Огонь горел в камине. Захаржевская вспоминала, как совсем недавно здесь так горячо спорил с Нилом Питер Дубойс. Тогда разговор шел о влиянии иллюминатов на мировой политический процесс, судьбе планеты в целом и России в частности, теперь же в компании с Нилом и Берчем ей предстояло обдумать и решить судьбу Ордена, а следовательно, в какой-то мере и судьбу всего человечества. Она, однако, заметила, что никто из присутствующих не разделяет ее видения. Разговор протекал исключительно в деловом русле, безо всяких лишних эмоций.
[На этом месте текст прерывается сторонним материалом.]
lemma matrix_vector_mult_uminus: "M *v (- y) = - (M *v (y::real^'n))"
  by (simp add: Finite_Cartesian_Product.vec_eq_iff matrix_vector_mult_def sum_negf)

lemma quad_form_uminus [simp]: "quad_form S (- y) = quad_form S y"
  by (simp add: quad_form_def matrix_vector_mult_uminus)

lemma quad_form_zero [simp]: "quad_form S 0 = 0"
  by (simp add: quad_form_def)

lemma quad_form_scaleR: "quad_form S (t *\<^sub>R y) = t\<^sup>2 * quad_form S y"
  by (simp add: quad_form_def matrix_vector_mult_scaleR power2_eq_square)

lemma quad_form_add:
  "quad_form S (x + y) = quad_form S x + (x \<bullet> (S *v y) + y \<bullet> (S *v x)) + quad_form S y"
  by (simp add: quad_form_def matrix_vector_right_distrib inner_add_left inner_add_right)

lemma quad_form_add_le:
  assumes nonneg: "\<And>z. 0 \<le> quad_form S z"
  shows "quad_form S (x + y) \<le> 2 * quad_form S x + 2 * quad_form S y"
proof -
  have "quad_form S (x + y) + quad_form S (x - y) = 2 * quad_form S x + 2 * quad_form S y"
    by (simp add: quad_form_def matrix_vector_right_distrib matrix_vector_mult_diff_distrib
        inner_add_left inner_add_right inner_diff_left inner_diff_right algebra_simps)
  then show ?thesis using nonneg[of "x - y"] by linarith
qed

lemma quad_form_matrix_vector_mult: "quad_form S (M *v w) = quad_form (transpose M ** S ** M) w"
proof -
  have "quad_form (transpose M ** S ** M) w = w \<bullet> (transpose M *v (S *v (M *v w)))"
    by (simp add: quad_form_def matrix_vector_mul_assoc matrix_mul_assoc)
  also have "\<dots> = (M *v w) \<bullet> (S *v (M *v w))"
    by (metis dot_lmul_matrix inner_commute transpose_matrix_vector)
  finally show ?thesis by (simp add: quad_form_def)
qed

lemma quad_form_eq_sum: "quad_form S w = (\<Sum>i\<in>UNIV. \<Sum>j\<in>UNIV. S $ i $ j * (w $ i * w $ j))"
  unfolding quad_form_def
  by (simp add: inner_vec_def matrix_vector_mult_def sum_distrib_left algebra_simps)

lemma continuous_on_quad_form: "continuous_on T (quad_form S)"
  unfolding quad_form_def[abs_def]
  by (intro continuous_on_inner continuous_on_id
      bounded_linear.continuous_on[OF matrix_vector_mul_bounded_linear])

lemma tendsto_quad_form_zero:
  assumes "f \<longlonglongrightarrow> 0" shows "(\<lambda>n. quad_form S (f n)) \<longlonglongrightarrow> 0"
proof -
  have "(\<lambda>n. S *v f n) \<longlonglongrightarrow> S *v 0"
    by (rule bounded_linear.tendsto[OF matrix_vector_mul_bounded_linear assms])
  from tendsto_inner[OF assms this] show ?thesis unfolding quad_form_def by simp
qed

lemma psd_mat_quad_form_nonneg: "psd_mat S \<Longrightarrow> 0 \<le> quad_form S y"
  unfolding psd_mat_def quad_form_def by auto

lemma stage_cost_eq_quad_form:
  "stage_cost Q q R r x u = quad_form Q x + x \<bullet> q + quad_form R u + u \<bullet> r"
  by (simp add: stage_cost_def quad_form_def)

lemma term_cost_eq_quad_form: "term_cost Pf pf x = quad_form Pf x + pf \<bullet> x"
  by (simp add: term_cost_def quad_form_def)

lemma stage_cost_add:
  "stage_cost Q q R r (y + a) (u + b) = stage_cost Q q R r y u
     + (y \<bullet> (Q *v a) + a \<bullet> (Q *v y) + a \<bullet> q + u \<bullet> (R *v b) + b \<bullet> (R *v u) + b \<bullet> r)
     + (quad_form Q a + quad_form R b)"
  by (simp add: stage_cost_eq_quad_form quad_form_add inner_add_left)

lemma term_cost_add:
  "term_cost Pf pf (y + a) = term_cost Pf pf y + (y \<bullet> (Pf *v a) + a \<bullet> (Pf *v y) + pf \<bullet> a)
     + quad_form Pf a"
  by (simp add: term_cost_eq_quad_form quad_form_add inner_add_right)

text \<open>A null vector of a nonnegative form is orthogonal to everything in the bilinear form:
  otherwise moving along it would make the form negative.\<close>
lemma quad_form_null_cross_zero:
  assumes nonneg: "\<And>y. 0 \<le> quad_form S y" and null: "quad_form S z = 0"
  shows "x \<bullet> (S *v z) + z \<bullet> (S *v x) = 0"
proof (rule ccontr)
  let ?c = "x \<bullet> (S *v z) + z \<bullet> (S *v x)"
  assume ne: "?c \<noteq> 0"
  define t where "t = - (quad_form S x + 1) / ?c"
  have "quad_form S (x + t *\<^sub>R z) = quad_form S x + t * ?c"
    using null by (simp add: quad_form_add quad_form_scaleR matrix_vector_mult_scaleR algebra_simps)
  also have "\<dots> = -1" using ne by (simp add: t_def)
  finally show False using nonneg[of "x + t *\<^sub>R z"] by simp
qed

lemma quad_form_add_null:
  assumes "\<And>y. 0 \<le> quad_form S y" and "quad_form S z = 0"
  shows "quad_form S (x + z) = quad_form S x"
  using quad_form_add[of S x z] quad_form_null_cross_zero[OF assms, of x] assms(2) by simp

lemma subspace_quad_form_null:
  assumes "\<And>y. 0 \<le> quad_form S y"
  shows "Real_Vector_Spaces.subspace {z. quad_form S z = 0}"
proof (rule real_vector.subspaceI)
  fix x y assume "x \<in> {z. quad_form S z = 0}" "y \<in> {z. quad_form S z = 0}"
  then show "x + y \<in> {z. quad_form S z = 0}" using quad_form_add_null[OF assms, of y x] by simp
qed (simp_all add: quad_form_scaleR)

lemma quad_form_coercive_on_null_complement:
  assumes nonneg: "\<And>y. 0 \<le> quad_form S y"
  obtains m where "0 < m"
    and "\<And>z. (\<And>w. quad_form S w = 0 \<Longrightarrow> z \<bullet> w = 0) \<Longrightarrow> m * (norm z)\<^sup>2 \<le> quad_form S z"
proof -
  define U where "U = {u. norm u = 1 \<and> (\<forall>w. quad_form S w = 0 \<longrightarrow> u \<bullet> w = 0)}"
  have unit_in_U: "z /\<^sub>R norm z \<in> U" if "z \<noteq> 0" "\<And>w. quad_form S w = 0 \<Longrightarrow> z \<bullet> w = 0" for z
    using that by (simp add: U_def)
  have quad_unit: "quad_form S (z /\<^sub>R norm z) = quad_form S z / (norm z)\<^sup>2" for z
    by (simp add: quad_form_scaleR power_inverse divide_inverse mult.commute)
  show ?thesis
  proof (cases "U = {}")
    case True
    show ?thesis
    proof (rule that[of 1])
      fix z assume "\<And>w. quad_form S w = 0 \<Longrightarrow> z \<bullet> w = 0"
      then have "z = 0" using unit_in_U True by blast
      then show "1 * (norm z)\<^sup>2 \<le> quad_form S z" by simp
    qed simp
  next
    case False
    have "U = sphere 0 1 \<inter> (\<Inter>w\<in>{w. quad_form S w = 0}. {u. w \<bullet> u = 0})"
      by (auto simp: U_def inner_commute)
    then have "compact U"
      by (simp only:) (intro compact_Int_closed compact_sphere closed_INT ballI closed_hyperplane)
    then obtain u0 where u0: "u0 \<in> U" "\<And>u. u \<in> U \<Longrightarrow> quad_form S u0 \<le> quad_form S u"
      using continuous_attains_inf[OF _ False continuous_on_quad_form] by blast
    have "quad_form S u0 \<noteq> 0"
      using u0(1) by (auto simp: U_def)
    then have pos: "0 < quad_form S u0" using nonneg[of u0] by linarith
    have "quad_form S u0 * (norm z)\<^sup>2 \<le> quad_form S z"
      if "\<And>w. quad_form S w = 0 \<Longrightarrow> z \<bullet> w = 0" for z
    proof (cases "z = 0")
      case False
      have "quad_form S u0 \<le> quad_form S z / (norm z)\<^sup>2"
        using u0(2)[OF unit_in_U[OF False that]] unfolding quad_unit .
      then show ?thesis using False by (simp add: field_simps)
    qed simp
    with pos show ?thesis by (rule that)
  qed
qed

text \<open>Off its null space the form grows quadratically.\<close>
lemma quad_form_plus_inner_bounded_below:
  assumes nonneg: "\<And>y. 0 \<le> quad_form S y" and null: "\<And>z. quad_form S z = 0 \<Longrightarrow> p \<bullet> z = 0"
  obtains c where "\<And>y. c \<le> quad_form S y + p \<bullet> y"
proof -
  let ?W = "{z. quad_form S z = 0}"
  obtain m where m: "0 < m"
    and coercive: "\<And>z. (\<And>w. quad_form S w = 0 \<Longrightarrow> z \<bullet> w = 0) \<Longrightarrow> m * (norm z)\<^sup>2 \<le> quad_form S z"
    using quad_form_coercive_on_null_complement[OF nonneg] by blast
  have "- (norm p)\<^sup>2 / (4 * m) \<le> quad_form S y + p \<bullet> y" for y
  proof -
    have span_W: "Real_Vector_Spaces.span ?W = ?W"
      using subspace_quad_form_null[OF nonneg] by (simp add: real_vector.span_eq_iff)
    obtain w z where w: "w \<in> Real_Vector_Spaces.span ?W"
      and z_orth: "\<And>v. v \<in> Real_Vector_Spaces.span ?W \<Longrightarrow> Linear_Algebra.orthogonal z v" and y: "y = w + z"
      using orthogonal_subspace_decomp_exists[of ?W y] by blast
    have w_null: "quad_form S w = 0" using w span_W by simp
    have z: "\<And>v. quad_form S v = 0 \<Longrightarrow> z \<bullet> v = 0"
      using z_orth span_W by (simp add: Linear_Algebra.orthogonal_def)
    have "quad_form S y + p \<bullet> y = quad_form S z + p \<bullet> z"
      using quad_form_add_null[OF nonneg w_null, of z] null[OF w_null]
      by (simp add: y add.commute inner_add_right)
    moreover have "m * (norm z)\<^sup>2 - norm p * norm z \<le> quad_form S z + p \<bullet> z"
      using coercive[OF z] norm_cauchy_schwarz[of "-p" z] by simp
    moreover have "- (norm p)\<^sup>2 / (4 * m) \<le> m * (norm z)\<^sup>2 - norm p * norm z"
    proof -
      have "0 \<le> (2 * m * norm z - norm p)\<^sup>2" by simp
      then show ?thesis using m by (simp add: field_simps power2_eq_square)
    qed
    ultimately show ?thesis by linarith
  qed
  then show ?thesis by (rule that)
qed


section \<open>Powers of a Schur stable matrix\<close>

fun matpow :: "real^'n^'n \<Rightarrow> nat \<Rightarrow> real^'n^'n" where
  "matpow M 0 = Finite_Cartesian_Product.mat 1"
| "matpow M (Suc i) = M ** matpow M i"

lemma matpow_Suc_mult_vec: "matpow M (Suc i) *v w = M *v (matpow M i *v w)"
  by (simp add: matrix_vector_mul_assoc)

lemma matpow_commute: "matpow M k ** M = M ** matpow M k"
  by (induction k) (simp_all add: matrix_mul_assoc[symmetric])

lemma eigenvalue_smult_mat_divide:
  fixes A :: "complex Matrix.mat"
  assumes A: "A \<in> carrier_mat n n" and a: "a \<noteq> 0" and ev: "eigenvalue (a \<cdot>\<^sub>m A) mu"
  shows "eigenvalue A (mu / a)"
proof -
  from ev obtain v where v: "v \<in> carrier_vec n" "v \<noteq> 0\<^sub>v n" "(a \<cdot>\<^sub>m A) *\<^sub>v v = mu \<cdot>\<^sub>v v"
    unfolding eigenvalue_def eigenvector_def using A by auto
  have "A *\<^sub>v v = (mu / a) \<cdot>\<^sub>v v"
  proof (rule eq_vecI)
    fix i assume "i < dim_vec ((mu / a) \<cdot>\<^sub>v v)"
    then have i: "i < n" using v(1) by simp
    have "a * (A *\<^sub>v v) $ i = ((a \<cdot>\<^sub>m A) *\<^sub>v v) $ i"
      using i A v(1) by (simp add: scalar_prod_def sum_distrib_left algebra_simps)
    also have "\<dots> = mu * v $ i" using v(3) i v(1) by simp
    finally have eq: "a * (A *\<^sub>v v) $ i = mu * v $ i" .
    have "(A *\<^sub>v v) $ i = a * (A *\<^sub>v v) $ i / a" using a by simp
    also have "\<dots> = mu * v $ i / a" by (simp only: eq)
    finally show "(A *\<^sub>v v) $ i = ((mu / a) \<cdot>\<^sub>v v) $ i" using i v(1) by simp
  qed (use A v(1) in simp)
  then show ?thesis unfolding eigenvalue_def eigenvector_def using v A by auto
qed

text \<open>Scaling by \<open>s = 2 / (1 + \<rho>)\<close> keeps the spectral radius below one, so the powers of the
  scaled matrix are bounded.\<close>
lemma spectral_radius_less_1_geometric_decay:
  fixes A :: "complex Matrix.mat"
  assumes A: "A \<in> carrier_mat n n" and n: "0 < n" and rad: "spectral_radius A < 1"
  shows "\<exists>c s. 1 < s \<and> (\<forall>k i j. i < n \<longrightarrow> j < n \<longrightarrow> cmod ((A ^\<^sub>m k) $$ (i, j)) \<le> c / s ^ k)"
proof -
  let ?rho = "spectral_radius A"
  define s where "s = 2 / (1 + ?rho)"
  have "0 \<le> ?rho"
    using spectral_radius_mem_max(1)[OF A n] by auto
  then have s: "1 < s" "s * ?rho < 1" using rad unfolding s_def by (auto simp: field_simps)
  have sA: "complex_of_real s \<cdot>\<^sub>m A \<in> carrier_mat n n" using A by simp
  have "spectral_radius (complex_of_real s \<cdot>\<^sub>m A) < 1"
  proof -
    obtain mu where mu: "eigenvalue (complex_of_real s \<cdot>\<^sub>m A) mu"
      and rad_eq: "spectral_radius (complex_of_real s \<cdot>\<^sub>m A) = cmod mu"
      using spectral_radius_mem_max(1)[OF sA n] unfolding spectrum_def by auto
    have "cmod (mu / complex_of_real s) \<le> ?rho"
      using eigenvalue_smult_mat_divide[OF A _ mu] s(1)
      by (intro spectral_radius_mem_max(2)[OF A n]) (auto simp: spectrum_def)
    then have "cmod mu \<le> s * ?rho" using s(1) by (simp add: norm_divide field_simps)
    then show ?thesis using rad_eq s(2) by simp
  qed
  then obtain c where c: "\<And>k. norm_bound ((complex_of_real s \<cdot>\<^sub>m A) ^\<^sub>m k) c"
    using spectral_radius_jnf_norm_bound_less_1_upper_triangular[OF sA] by auto
  have pow: "(complex_of_real s \<cdot>\<^sub>m A) ^\<^sub>m k = (complex_of_real s ^ k) \<cdot>\<^sub>m (A ^\<^sub>m k)" for k
  proof (induction k)
    case 0 then show ?case using A by (auto intro!: eq_matI)
  next
    case (Suc k)
    show ?case using Suc A
      by (simp add: mult_smult_distrib[of _ n n] mult_smult_assoc_mat[of _ n n]) (rule eq_matI, auto)
  qed
  have "cmod ((A ^\<^sub>m k) $$ (i, j)) \<le> c / s ^ k" if "i < n" "j < n" for k i j
  proof -
    have "s ^ k * cmod ((A ^\<^sub>m k) $$ (i, j)) \<le> c"
      using c[of k] A s(1) that unfolding norm_bound_def by (simp add: pow norm_mult norm_power)
    then show ?thesis using s(1) by (simp add: field_simps)
  qed
  with s(1) show ?thesis by blast
qed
— Как я и предполагал, у вас нет четкого плана действий относительно будущего Ордена, — сказал Берч.
Вещи сейчас назывались своими именами. Подозрения отошли на второй план. Если Хэмфри Ли Берч, начальник Федерального бюро расследований, и не был другом леди Морвен, у них были общие цели.
— Очевидно, у вас он есть, — сказал Баренцев.
Берч кивнул:
— Получив контроль над обеими партиями, мы разделим сферы влияния, прекратим грызню и сдержим разрушительный эффект от некоторых операций, которые обещают принести высокие дивиденды Ордену, но которые могут непредсказуемым образом отразиться на будущем как Америки, так и самих господ иллюминатов.
— Обычно они неплохо решают свои проблемы, — напомнил Баренцев.
— Говоря «они», вы имеете в виду — «мы»? — осведомился Берч.
— Да!
— Но сейчас наступает момент, когда вам и вашим друзьям так или иначе придется пересмотреть взгляды на устройство Ордена. И все мы здесь заинтересованы в том, чтобы помочь им адаптироваться к новым реальностям как можно быстрее…
Татьяна улыбнулась, вспомнив надменные физиономии своих подданных, ощущающих себя властителями мира. Они и не подозревают, что всем им уготована роль подопытных крысок.
— Что ж, давайте обсудим некоторые детали, — продолжил Берч. — В качестве места собрания я предложил бы один замок во Франции, который…
— Но место и время давно определены, — прервала его Татьяна. — Через день мне надлежит быть в Майами.
— Вот как? — Берч поднял кустистые брови. — О, так вам еще не сообщили?.. Странно.
— Что мне должны были сообщить? — напористо спросила Татьяна.
— Одну новость. Как таковая, она не очень радостна, но для нас как нельзя…
На сей раз директора ФБР прервала мелодия «Половецких плясок».
— Простите, — Татьяна нажала кнопочку мобильного телефона. — Я слушаю.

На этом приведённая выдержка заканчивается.